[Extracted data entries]
[Start of section]

lemma norm_rinv_le:
  assumes X: "\<And>p q. norm (X p q) \<le> C * R ^ (p + q) * fact q" and C: "0 \<le> C" and R: "0 < R"
  shows "norm (rinv X i j) \<le> majorant (R * (6 * C + 2)) i j"
proof -
  define K where "K = R * (6 * C + 2)"
  have K: "0 < K"
    using C R by (simp add: K_def)
  have t: "R / K = 1 / (6 * C + 2)"
    using R by (simp add: K_def)
  have "norm (rinv X i j) \<le> majorant K i j"
  proof (induction "i + j" arbitrary: i j rule: less_induct)
    case less
    show ?case
    proof (cases "i + j = 0")
      case True
      then show ?thesis by (subst rinv_eq) (simp add: amult_lower_def aone_def majorant_def)
    next
      case False
      have "norm (rinv X i j) = norm (amult_lower X (rinv X) i j)"
        using False by (subst rinv_eq) (auto simp: aone_def)
      also have "\<dots> \<le> C * (\<Sum>p\<le>i. \<Sum>q\<le>i + j. if p = 0 \<and> q = 0 then 0 else (R / K) ^ (p + q)) * majorant K i j"
        using X less.hyps C R K by (rule norm_amult_lower_le)
      also have "\<dots> \<le> C * (6 * (R / K)) * majorant K i j"
        using C K unfolding t
        by (intro mult_right_mono mult_left_mono punctured_geometric_sum_le) (simp_all add: majorant_def)
      also have "\<dots> \<le> 1 * majorant K i j"
        using C K unfolding t by (intro mult_right_mono) (simp_all add: majorant_def field_simps)
      finally show ?thesis by simp
    qed
  qed
  then show ?thesis by (simp add: K_def)
qed

lemma majorant_le:
  assumes "0 \<le> K"
  shows "majorant K p q \<le> (2 * K) ^ (p + q) * fact q"
proof -
  have "fact (p + q) = fact p * fact q * real ((p + q) choose p)"
    using binomial_fact_lemma[of p "p + q"] by (metis add_diff_cancel_left' le_add1 of_nat_fact of_nat_mult)
  then have "majorant K p q = K ^ (p + q) * fact q * real ((p + q) choose p)"
    unfolding majorant_def by simp
  also have "\<dots> \<le> K ^ (p + q) * fact q * 2 ^ (p + q)"
    using assms binomial_le_pow2[of "p + q" p] by (intro mult_left_mono) (simp_all add: of_nat_le_iff[symmetric])
  also have "\<dots> = (2 * K) ^ (p + q) * fact q"
    by (simp add: power_mult_distrib)
  finally show ?thesis .
qed

lemma conv_ser_rinv:
  assumes "conv_ser X"
  shows "conv_ser (rinv X)"
proof -
  obtain R C where R: "R > 1" and C: "C > 0" and X: "\<And>p q. norm (X p q) \<le> C * R ^ (p + q) * fact q"
    using assms unfolding conv_ser_def by blast
  define K where "K = R * (6 * C + 2)"
  have "2 < K"
    using R C mult_strict_mono[of 1 R 2 "6 * C + 2"] by (simp add: K_def)
  show ?thesis
    unfolding conv_ser_def
  proof (intro exI conjI allI)
    fix p q
    have "norm (rinv X p q) \<le> majorant K p q"
      unfolding K_def using X C R by (intro norm_rinv_le) simp_all
    also have "\<dots> \<le> 1 * (2 * K) ^ (p + q) * fact q"
      using \<open>2 < K\<close> majorant_le[of K p q] by simp
    finally show "norm (rinv X p q) \<le> 1 * (2 * K) ^ (p + q) * fact q" .
  qed (use \<open>2 < K\<close> in simp_all)
qed

theorem proposition1p1p7:
  fixes X :: ser
  assumes "conv_ser X" and "X 0 0 = 1"
  shows "\<exists>Y. conv_ser Y \<and> amult X Y = aone \<and> amult Y X = aone"
proof (intro exI conjI)
  show "conv_ser (rinv X)"
    using assms(1) by (rule conv_ser_rinv)
  show right: "amult X (rinv X) = aone"
    using assms(2) by (rule amult_rinv)
  show "amult (rinv X) X = aone"
    using assms(2) right by (rule amult_aone_commute)
qed

end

[End of section]

Task description ::
Quote, with nothing altered, all lines from the start of the entries to the line that carries "j) \<le> majorant K", inclusive.

Your solution ::
lemma norm_rinv_le:
  assumes X: "\<And>p q. norm (X p q) \<le> C * R ^ (p + q) * fact q" and C: "0 \<le> C" and R: "0 < R"
  shows "norm (rinv X i j) \<le> majorant (R * (6 * C + 2)) i j"
proof -
  define K where "K = R * (6 * C + 2)"
  have K: "0 < K"
    using C R by (simp add: K_def)
  have t: "R / K = 1 / (6 * C + 2)"
    using R by (simp add: K_def)
  have "norm (rinv X i j) \<le> majorant K i j"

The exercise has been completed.